О пьезоэлектрическом эффекте. Я сказал, что некоторые кристаллы генерируют заряд при сжатии. Кварц — один из них. Не объяснял глубже — молекулярную структуру, поляризацию. Просто факт.
Он записывал, кивал.
Час шел за часом. Я говорил, он слушал. Усталость навалилась тяжелым грузом, но я держался.
Наконец он отложил перо.
— Достаточно на сегодня, — сказал он. — Вы были… относительно откровенны. Я ценю это.
— Отпустите меня?
— Еще нет, — покачал он головой. — Мне нужно проверить то, что вы сказали. Убедиться, что это не ложь. Если всё подтвердится — возможно, мы сможем договориться.
Он встал, направился к двери, подошел к ней, постучал.
— Уведите его. В сарай. И не кормить пока. Голод, как вы сами заметили, прочищает мозги.
Дверь распахнулась. Степаныч и Сенька вошли, подхватили меня под руки.

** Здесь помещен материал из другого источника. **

lemma maximalideal_inv_mod:
  assumes M: "maximalideal M R" and a: "a \<in> carrier R" "a \<notin> M"
  shows "\<exists>b\<in>carrier R. b \<otimes> a \<ominus> \<one> \<in> M"
proof -
  have M_ideal: "ideal M R"
    using M by (rule maximalideal.axioms(1))
  let ?Y = "M <+>\<^bsub>R\<^esub> PIdl a"
  have Y: "ideal ?Y R"
    by (rule add_ideals[OF M_ideal cgenideal_ideal[OF a(1)]])
  have "M \<subseteq> ?Y"
  proof
    fix m assume "m \<in> M"
    then have "m = m \<oplus> \<zero> \<otimes> a" "m \<in> carrier R"
      using a(1) ideal.Icarr[OF M_ideal] by auto
    then show "m \<in> ?Y"
      using \<open>m \<in> M\<close> unfolding set_add_def' cgenideal_def by blast
  qed
  moreover have "a \<in> ?Y"
  proof -
    have "a = \<zero> \<oplus> \<one> \<otimes> a" "\<zero> \<in> M"
      using a(1) M_ideal by (auto simp: additive_subgroup.zero_closed ideal.axioms(1))
    then show ?thesis
      unfolding set_add_def' cgenideal_def by blast
  qed
  ultimately have "?Y = carrier R"
    using maximalideal.I_maximal[OF M Y] ideal.axioms(1)[OF Y] a(2)
    by (auto dest: additive_subgroup.a_subset)
  then obtain m b where m: "m \<in> M" and b: "b \<in> carrier R" and one: "\<one> = m \<oplus> b \<otimes> a"
    unfolding set_add_def' cgenideal_def using one_closed by blast
  have "m \<in> carrier R"
    using m ideal.Icarr[OF M_ideal] by blast
  then have "b \<otimes> a \<ominus> \<one> = \<ominus> m"
    unfolding one using b a(1) by algebra
  moreover have "\<ominus> m \<in> M"
    using m M_ideal by (simp add: additive_subgroup.a_inv_closed ideal.axioms(1))
  ultimately have "b \<otimes> a \<ominus> \<one> \<in> M"
    by (simp only:)
  with b show ?thesis
    by blast
qed

lemma maximalidealI_inv_mod:
  assumes M: "ideal M R" and one: "\<one> \<notin> M"
    and inv: "\<And>a. a \<in> carrier R \<Longrightarrow> a \<notin> M \<Longrightarrow> \<exists>b\<in>carrier R. b \<otimes> a \<ominus> \<one> \<in> M"
  shows "maximalideal M R"
proof (rule maximalidealI[OF M])
  show "carrier R \<noteq> M"
    using one by blast
  fix Y assume Y: "ideal Y R" "M \<subseteq> Y" "Y \<subseteq> carrier R"
  show "Y = M \<or> Y = carrier R"
  proof (cases "Y \<subseteq> M")
    case False
    then obtain a where a: "a \<in> Y" "a \<notin> M"
      by blast
    then obtain b where b: "b \<in> carrier R" "b \<otimes> a \<ominus> \<one> \<in> M"
      using inv Y(3) by blast
    have "a \<in> carrier R"
      using a(1) Y(3) by blast
    then have "\<one> = b \<otimes> a \<ominus> (b \<otimes> a \<ominus> \<one>)"
      using b(1) by algebra
    also have "\<dots> \<in> Y"
      using a(1) b Y(1,2) ideal.I_l_closed[OF Y(1)] ideal.axioms(1)[OF Y(1)]
      by (auto simp: minus_eq additive_subgroup.a_closed additive_subgroup.a_inv_closed)
    finally show ?thesis
      using ideal.one_imp_carrier[OF Y(1)] by blast
  qed (use Y in blast)
qed

lemma FactRing_carrier: "carrier (R Quot I) = (+>) I ` carrier R"
  unfolding FactRing_def A_RCOSETS_def' by auto

lemma quot_image_mem_iff:
  assumes I: "ideal I R" and M: "ideal M R" "I \<subseteq> M" and x: "x \<in> carrier R"
  shows "I +> x \<in> (+>) I ` M \<longleftrightarrow> x \<in> M"
proof
  assume "I +> x \<in> (+>) I ` M"
  then obtain m where m: "m \<in> M" "I +> x = I +> m"
    by blast
  then have "x \<ominus> m \<in> M"
    using quotient_eq_iff_same_a_r_cos[OF I x ideal.Icarr[OF M(1) m(1)]] M(2) by auto
  then have "(x \<ominus> m) \<oplus> m \<in> M"
    using m(1) M(1) by (simp add: additive_subgroup.a_closed ideal.axioms(1))
  then show "x \<in> M"
    using x ideal.Icarr[OF M(1) m(1)] by (simp add: minus_eq a_assoc l_neg)
qed blast
context
  fixes V :: "'a set" and E :: "'a \<Rightarrow> 'a \<Rightarrow> bool"
  assumes graph: "simple_graph V E"
begin

lemma adjacent_iff_disjoint_point_stars:
  assumes "u \<in> V" "v \<in> V"
  shows "E u v \<longleftrightarrow>
    point_star (maximal_independent_sets V E) u \<inter> point_star (maximal_independent_sets V E) v = {}"
proof
  assume "E u v"
  then show "point_star (maximal_independent_sets V E) u \<inter> point_star (maximal_independent_sets V E) v = {}"
    unfolding point_star_def maximal_independent_sets_def maximal_independent_def independent_def
    by blast
next
  assume disjoint:
    "point_star (maximal_independent_sets V E) u \<inter> point_star (maximal_independent_sets V E) v = {}"
  show "E u v"
  proof (rule ccontr)
    assume "\<not> E u v"
    then have "independent V E {u, v}"
      using assms graph unfolding independent_def simple_graph_def by auto
    then obtain M where "maximal_independent V E M" "{u, v} \<subseteq> M"
      using independent_subset_maximal[OF graph] by blast
    then show False
      using disjoint unfolding point_star_def maximal_independent_sets_def by blast
  qed
qed

lemma helly_point_stars: "helly (point_star (maximal_independent_sets V E) ` V)"
  unfolding helly_def
proof (intro allI impI)
  fix Q assume Q: "Q \<subseteq> point_star (maximal_independent_sets V E) ` V" "Q \<noteq> {}"
    "\<forall>A\<in>Q. \<forall>B\<in>Q. A \<inter> B \<noteq> {}"
  define W where "W = {v \<in> V. point_star (maximal_independent_sets V E) v \<in> Q}"
  have "independent V E W"
    unfolding independent_def W_def using Q(3) adjacent_iff_disjoint_point_stars by auto
  then obtain M where "maximal_independent V E M" "W \<subseteq> M"
    using independent_subset_maximal[OF graph] by blast
  then have "M \<in> \<Inter>Q"
    using Q(1) unfolding W_def point_star_def maximal_independent_sets_def by blast
  then show "\<Inter>Q \<noteq> {}" by blast
qed

lemma inj_on_point_stars:
  assumes "twin_free V E"
  shows "inj_on (point_star (maximal_independent_sets V E)) V"
proof (rule inj_onI)
  fix u v
  assume "u \<in> V" "v \<in> V"
    and "point_star (maximal_independent_sets V E) u = point_star (maximal_independent_sets V E) v"
  then have "nbhd V E u = nbhd V E v"
    unfolding nbhd_def using adjacent_iff_disjoint_point_stars by auto
  then show "u = v" using assms \<open>u \<in> V\<close> \<open>v \<in> V\<close> unfolding twin_free_def by blast
qed

lemma point_star_proper:
  assumes "v \<in> V" "E v u"
  shows "point_star (maximal_independent_sets V E) v \<noteq> {}"
    and "point_star (maximal_independent_sets V E) v \<noteq> maximal_independent_sets V E"
proof -
  have "u \<in> V" "\<not> E w w" for w using assms(2) graph unfolding simple_graph_def by auto
  then have nonempty: "point_star (maximal_independent_sets V E) w \<noteq> {}" if "w \<in> V" for w
    using adjacent_iff_disjoint_point_stars[OF that that] by auto
  show "point_star (maximal_independent_sets V E) v \<noteq> {}" using nonempty[OF assms(1)] .
  show "point_star (maximal_independent_sets V E) v \<noteq> maximal_independent_sets V E"
    using adjacent_iff_disjoint_point_stars[OF assms(1) \<open>u \<in> V\<close>] assms(2) nonempty[OF \<open>u \<in> V\<close>]
    unfolding point_star_def by blast
qed

lemma connected_has_neighbour:
  assumes "connected_graph V E" "i_max V E \<noteq> 1" "v \<in> V"
  obtains u where "E v u"
proof -
  have "\<exists>u. E v u"
  proof (rule ccontr)
    assume isolated: "\<nexists>u. E v u"
    have "w = v" if "w \<in> V" for w
    proof -
      have "E\<^sup>*\<^sup>* v w" using assms(1,3) that unfolding connected_graph_def by blast
      then show "w = v" by (cases rule: converse_rtranclpE) (use isolated in auto)
    qed
    then have "V = {v}" using assms(3) by blast
    then have "independent V E S \<longleftrightarrow> S \<subseteq> {v}" for S
      using isolated unfolding independent_def by auto
    then have "maximal_independent V E S \<longleftrightarrow> S = {v}" for S
      unfolding maximal_independent_def by blast
    then have "maximal_independent_sets V E = {{v}}" unfolding maximal_independent_sets_def by auto
    then show False using assms(2) unfolding i_max_def maximal_independent_sets_def by simp
  qed
  then show thesis using that by blast
qed


lemma point_stars_proper:
  assumes "connected_graph V E" "i_max V E \<noteq> 1"
  shows "\<forall>A\<in>point_star (maximal_independent_sets V E) ` V.
    A \<subseteq> maximal_independent_sets V E \<and> A \<noteq> {} \<and> A \<noteq> maximal_independent_sets V E"
proof
  fix A assume "A \<in> point_star (maximal_independent_sets V E) ` V"
  then obtain v u where "v \<in> V" "A = point_star (maximal_independent_sets V E) v" "E v u"
    using connected_has_neighbour[OF assms] by blast
  then show "A \<subseteq> maximal_independent_sets V E \<and> A \<noteq> {} \<and> A \<noteq> maximal_independent_sets V E"
    using point_star_proper unfolding point_star_def by blast
qed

— Постойте, — сказал незнакомец.
Они замерли.
Он подошел ко мне вплотную. От него пахло дорогим одеколоном и… старой бумагой.
— Подумайте вот о чем, Егор Андреевич. Если вы не будете сотрудничать со мной, мне придется искать другие рычаги. Ваша жена… она ведь молода? И ребенок совсем кроха? Будет жаль, если они пострадают из-за вашего упрямства.
Я дернулся, пытаясь вырваться, ударить его головой, плюнуть в лицо. Но руки держали крепко.
— Уведите, — равнодушно бросил он.
Меня выволокли из комнаты, снова накинув мешок на голову. Тьма вернулась. Но теперь в этой тьме была цель.
Я знал, что он не отступит. И я знал, что должен молчать. Потому что если я расскажу правду — о будущем, о том, кто я на самом деле — меня либо сожгут как еретика, либо запрут в клетку как подопытную крысу. А если совру неубедительно — он доберется до моей семьи.
Меня швырнули в сарай. Дверь захлопнулась. Засов лязгнул.
Я остался один в холодной темноте. Но теперь я знал врага. Он умен, осторожен и опасен. И он не русский, несмотря на безупречный язык.
Я выдохнул, чувствуя, как напряжение отпускает. Первый раунд пройден. Я дал им информацию, но не критичную. Выиграл время.
Но что дальше? Сколько я смогу тянуть?
Нужно было бежать. Любой ценой. Пока не поздно.